También he trabajado y trabajo sobre desigualdades sociales, sociología de las organizaciones, sociología económica. Ahora me interesan especialmente las redes, la internet y, en general, lo que llamo, para que rime, sociedad o era global, informacional y transformacional (SEGIT).

14 jun. 2005

PREJUBILACIONES ALOCADAS

La escolarización se prolonga, el desempleo de larga duración se solidifica (se concentra en las mismas personas), la esperanza de vida se alarga y, al Ministerio de Administraciones Públicas no se le ocurre otra cosa que lanzar una oferta de prejubilaciones para los funcionarios entre 58 y 64 años.
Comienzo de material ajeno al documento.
(* Let $p$ be an odd prime. The family $\{1+p^n\mathbb{N}_0:n\in\mathbb{N}\}$ coincides with the set of ${\uparrow}$-chain elements of the poset $\mathcal{X}_p$ (and this set is linearly ordered).
   Context: $\mathbb{N}=\{1,2,\dots\}$, $\mathbb{N}_0=\{0\}\cup\mathbb{N}$, $x^{\mathbb{N}}=\{x^k:k\in\mathbb{N}\}$. $\mathcal{X}_p=\{\overline{a^{\mathbb{N}}}:a\in\mathbb{N}\setminus p\mathbb{N},\ a\ne1\}$, closures taken in the $p$-adic topology on $\mathbb{N}\setminus p\mathbb{N}$ (generated by the sets $x+p^m\mathbb{N}_0$, $x,m\in\mathbb{N}$), partially ordered by reverse inclusion: $X\le Y$ iff $Y\subseteq X$. An element $t$ of a poset $(P,\le)$ is a ${\uparrow}$-chain element if its upper set ${\uparrow}t=\{x\in P:x\ge t\}$ is a chain (any two elements are comparable). *)

theory Defs
  imports "HOL-Analysis.Analysis" "HOL-Computational_Algebra.Primes"
begin

definition coprime_part :: "nat \<Rightarrow> nat set" where
  "coprime_part p = {n. n \<ge> 1 \<and> \<not> p dvd n}"

definition progr :: "nat \<Rightarrow> nat \<Rightarrow> nat \<Rightarrow> nat set" where
  "progr p x m = {x + p ^ m * k | k. True}"

text \<open>The p-adic topology on N minus pN, generated by the sets x + p^m N_0
  (x, m positive; x ranging over the space so that the sets lie in it).\<close>
definition padic_top :: "nat \<Rightarrow> nat topology" where
  "padic_top p = topology_generated_by
     {progr p x m | x m. x \<in> coprime_part p \<and> m \<ge> 1}"

definition pows :: "nat \<Rightarrow> nat set" where
  "pows a = {a ^ k | k. k \<ge> 1}"

text \<open>The poset X_p (as a set of sets; order is reverse inclusion).\<close>
definition Xp :: "nat \<Rightarrow> nat set set" where
  "Xp p = {padic_top p closure_of pows a | a. a \<in> coprime_part p \<and> a \<noteq> 1}"

definition Xle :: "nat set \<Rightarrow> nat set \<Rightarrow> bool" where
  "Xle X Y \<longleftrightarrow> Y \<subseteq> X"

definition upchain_elem :: "'a set \<Rightarrow> ('a \<Rightarrow> 'a \<Rightarrow> bool) \<Rightarrow> 'a \<Rightarrow> bool" where
  "upchain_elem P le t \<longleftrightarrow> t \<in> P \<and>
     (\<forall>x\<in>P. \<forall>y\<in>P. le t x \<longrightarrow> le t y \<longrightarrow> le x y \<or> le y x)"

end

theory Submission
  imports Defs "HOL-Number_Theory.Number_Theory"
begin

text \<open>
  The closure of the powers of \<open>a\<close> is the set of \<open>m\<close> prime to \<open>p\<close> such that for every \<open>M\<close>
  some power \<open>a^k\<close> is congruent to \<open>m\<close> modulo \<open>p^M\<close>.

  If \<open>a = 1 + p^v u\<close> with \<open>p\<close> not dividing \<open>u\<close>, then for odd \<open>p\<close> raising \<open>a\<close> to the power
  \<open>p\<close> raises the exponent \<open>v\<close> by exactly one. Hence the powers of \<open>a\<close> that are \<open>1\<close> modulo
  \<open>p^M\<close> contain an element \<open>1 + p^M w\<close> with \<open>p\<close> not dividing \<open>w\<close>, and multiplying by powers
  of it corrects a congruence modulo \<open>p^M\<close> to one modulo \<open>p^(M+1)\<close>. So the closure of the
  powers of \<open>a\<close> is all of \<open>1 + p^v N_0\<close>: the closures of the \<open>a = 1 (mod p)\<close> are exactly
  these sets, and they form a chain.

  If \<open>a\<close> is not \<open>1\<close> modulo \<open>p\<close> and \<open>d\<close> is its order modulo \<open>p\<close>, the closures of \<open>a^d\<close>
  and \<open>a^p\<close> are contained in that of \<open>a\<close> but are incomparable. The closure of \<open>a^p\<close>
  contains \<open>a^p\<close>, which is congruent to \<open>a\<close> and hence not \<open>1\<close> modulo \<open>p\<close>. The closure of
  \<open>a^d\<close> is some \<open>1 + p^w N_0\<close> and contains \<open>1 + p^w\<close>, while every power of \<open>a^p\<close> that is
  \<open>1\<close> modulo \<open>p\<close> is a power of \<open>(a^d)^p\<close> and thus \<open>1\<close> modulo \<open>p^(w+1)\<close>.
\<close>

section \<open>Basic neighbourhoods of the p-adic topology\<close>

lemma mem_progr_self: "x \<in> progr p x n"
  unfolding progr_def by (auto intro: exI[of _ 0])

lemma progr_subset_coprime_part:
  assumes "x \<in> coprime_part p" "n \<ge> 1"
  shows "progr p x n \<subseteq> coprime_part p"
proof
  fix y assume "y \<in> progr p x n"
  then obtain k where y: "y = x + p^n * k" unfolding progr_def by blast
  have "p dvd p^n * k" using assms(2) by (simp add: dvd_power)
  then show "y \<in> coprime_part p"
    using assms(1) unfolding y coprime_part_def by (auto simp: dvd_add_left_iff)
qed

lemma progr_antimono:
  assumes "n1 \<le> n2"
  shows "progr p x n2 \<subseteq> progr p x n1"
proof
  fix y assume "y \<in> progr p x n2"
  then obtain k where "y = x + p^n2 * k" unfolding progr_def by blast
  moreover have "p^n2 = p^n1 * p^(n2 - n1)" using assms by (simp flip: power_add)
  ultimately have "y = x + p^n1 * (p^(n2 - n1) * k)" by simp
  then show "y \<in> progr p x n1" unfolding progr_def by blast
qed

lemma progr_nested: "progr p x n1 \<subseteq> progr p x n2 \<or> progr p x n2 \<subseteq> progr p x n1"
  using progr_antimono nat_le_linear by blast

lemma progr_translate:
  assumes "y \<in> progr p x n"
  shows "progr p y n \<subseteq> progr p x n"
proof
  fix z assume "z \<in> progr p y n"
  moreover obtain j where "y = x + p^n * j" using assms unfolding progr_def by blast
  ultimately obtain k where "z = x + p^n * (j + k)"
    unfolding progr_def by (auto simp: algebra_simps)
  then show "z \<in> progr p x n" unfolding progr_def by blast
qed

lemma mem_progr_one_iff: "m \<in> progr p 1 v \<longleftrightarrow> m \<ge> 1 \<and> [m = 1] (mod p^v)"
  unfolding progr_def using cong_le_nat[of 1 m "p^v"] by (auto simp: cong_def ac_simps)

lemma one_in_coprime_part: "p \<noteq> 1 \<Longrightarrow> 1 \<in> coprime_part p"
  unfolding coprime_part_def by simp

lemma pow_in_coprime_part:
  assumes "prime p" "a \<in> coprime_part p"
  shows "a^n \<in> coprime_part p"
  using assms prime_dvd_power[OF assms(1)] unfolding coprime_part_def by auto

lemma topspace_padic_top: "topspace (padic_top p) = coprime_part p"
  unfolding padic_top_def topology_generated_by_topspace
proof
  show "\<Union> {progr p x m | x m. x \<in> coprime_part p \<and> m \<ge> 1} \<subseteq> coprime_part p"
    using progr_subset_coprime_part by blast
  show "coprime_part p \<subseteq> \<Union> {progr p x m | x m. x \<in> coprime_part p \<and> m \<ge> 1}"
  proof
    fix x assume "x \<in> coprime_part p"
    then have "progr p x 1 \<in> {progr p x m | x m. x \<in> coprime_part p \<and> m \<ge> 1}" by blast
    then show "x \<in> \<Union> {progr p x m | x m. x \<in> coprime_part p \<and> m \<ge> 1}"
      using mem_progr_self by blast
  qed
qed

lemma openin_padic_top_progr:
  assumes "x \<in> coprime_part p" "M \<ge> 1"
  shows "openin (padic_top p) (progr p x M)"
  unfolding padic_top_def using assms by (intro topology_generated_by_Basis) blast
Es verdad que esa posibilidad existe en muchas empresas del sector privado, pero no lo es menos que se trata de una barbaridad. Vivimos cada vez más y trabajamos cada vez menos. O, para ser exactos, trabajamos más horas al año durante menos años. Si todo lo que se le ocurre al ministro para flexibilizar y movilizar la Administración central es una Ley Azaña civil ("no es un problema de tamaño sino de reordenar edades, cualificaciones y la ubicación geográfica", parece que ha dicho), apañados estamos. De las jubilaciones se usó y se abusó en los procesos de reconversión industrial, se acogieron muchos trabajadores a ellas pensando simplemente que era una manera fácil de saltar al trabajo por cuenta propia, se viciaron los sindicatos que vieron en ellas una forma sencilla (pedestre, diría yo) de repartir el trabajo. El resultado es que, en vez de abordar el problema de la capacidad de nuestra estructura económica para movilizar el trabajo y crear riqueza (por qué no se genera más empleo habiendo brazos disponibles), nos dedicamos simplemente a discutir quién abandonará antes la actividad económica. Pero, a la larga, eso sólo disminuye la productividad de la nación (la riqueza producida por habitante)y eleva la tasa de dependencia (la población dependiente dividida por la población activa), y el sector público debería ser el último en optar por esa senda.